ECB Financial Stability Review is published twice a year by ECB in order to attract attention to the potential risks in the Euro area.
In the second financial stability review of this year, the focus was on the implications of bank misconduct costs for bank equity returns and valuations.
Over the last decade, the misconduct by banks has weighed on global bank profitability and equity positions, with the related costs amounting to over USD 350 billion or 15% of total bank equity.
The misconduct costs hit the banks in the U.S. particularly following the global financial crisis. On the other side, European banks have been more exposed since 2015. There are charges related to sub-prime lending; however, misconduct costs occurred as a result of the violations of the sanctions, money laundering and tax evasion are relatively high in recent years. If no misconduct cost was involved for Euro area banks, their net income could have been one-third higher within the same period.
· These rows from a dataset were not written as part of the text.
(* Let $k\in\mathbb Z$, $\mathbb N_k=\{l\in\mathbb Z:l\le k\}$, and $\xi$ a random variable with $\mathbb P(\xi=l)=p_l$, $l\in\mathbb N_k$, $p_l\ge0$, $\sum_lp_l=1$, $p_k\in(0,1)$, $q_k=1-p_k$. For each $N$, let $Z$ be the Markov chain on $\Omega_k$ described in the context, $\bar\nu_N$ its invariant distribution and $\phi(m)=\sup\{i\in\mathbb N_k:m_i>0\}$. Then $$\lim_{N\to\infty}\frac{\bar\nu_N(\phi\le k-1)}{q_k^{N^2}2^N}=1.$$
   Context: $\Omega_k=\{m\in\{0,\dots,N\}^{\mathbb N_k}:\sum_{i\in\mathbb N_k}m_i=N\}$. The chain $Z$ on $\Omega_k$ has the kernel: from state $m$, take any $x\in\mathbb Z^N$ with exactly $m_l$ coordinates equal to $l$ for each $l\in\mathbb N_k$, let $\{\xi_{i,j}:1\le i,j\le N\}$ be fresh i.i.d. copies of $\xi$, and let the next state be $\big(\#\{i\le N:\max_j(x_j+\xi_{i,j})=\phi(m)+l\}\big)_{l\in\mathbb N_k}$. (Equivalently, $Z_l(t)=\#\{j:X_j(t)=\max_iX_i(t-1)+l\}$ for the particle system $X_i(t+1)=\max_j\{X_j(t)+\xi_{i,j}(t+1)\}$.) $\bar\nu_N$ is its unique invariant probability distribution. *)

theory Defs
  imports "HOL-Probability.Probability"
begin

definition Omega :: "int \<Rightarrow> nat \<Rightarrow> (int \<Rightarrow> nat) set" where
  "Omega k N = {m. (\<forall>l. k < l \<longrightarrow> m l = 0) \<and> finite {l. m l \<noteq> 0}
                   \<and> (\<Sum>l\<in>{l. m l \<noteq> 0}. m l) = N}"

definition phi :: "int \<Rightarrow> (int \<Rightarrow> nat) \<Rightarrow> int" where
  "phi k m = Max {i. i \<le> k \<and> 0 < m i}"

text \<open>A particle configuration x in Z^N (coordinates j < N) with exactly m_l coordinates equal to l.\<close>
definition config :: "nat \<Rightarrow> (int \<Rightarrow> nat) \<Rightarrow> nat \<Rightarrow> int" where
  "config N m = (SOME x. \<forall>l. card {j. j < N \<and> x j = l} = m l)"

definition Zkernel :: "int pmf \<Rightarrow> int \<Rightarrow> nat \<Rightarrow> (int \<Rightarrow> nat) \<Rightarrow> (int \<Rightarrow> nat) pmf" where
  "Zkernel p k N m =
     map_pmf (\<lambda>xi. \<lambda>l. if l \<le> k then
                 card {i. i < N \<and> Max {config N m j + xi (i, j) | j. j < N} = phi k m + l}
               else 0)
       (Pi_pmf ({0..<N} \<times> {0..<N}) 0 (\<lambda>_. p))"

definition invariant_Z :: "int pmf \<Rightarrow> int \<Rightarrow> nat \<Rightarrow> (int \<Rightarrow> nat) pmf \<Rightarrow> bool" where
  "invariant_Z p k N \<nu> \<longleftrightarrow> set_pmf \<nu> \<subseteq> Omega k N \<and> bind_pmf \<nu> (Zkernel p k N) = \<nu>"

end

theory Submission
  imports Defs
begin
In this review, ECB analyzed the dataset of the misconduct costs in 8 global banks in the euro area and found that expected equity returns are highly affected by the financial penalties. Also, it appears that the banks in Europe suffered from misconduct costs more than the banks in the U.S. suffered.
ECB stated that the financial penalties caused by misconduct costs had a major impact on the expected equity returns of the banks operating in the euro area. It was also understood that the investors have more concerns about the penalties given within this period.
In the last part of the review, ECB highlighted the importance of Single Supervisory Mechanism to prevent these cases and further reported that fast investigation and closure of misconduct cases could help the prevention of the loss of goodwill issues, at least some part of it, in these banks.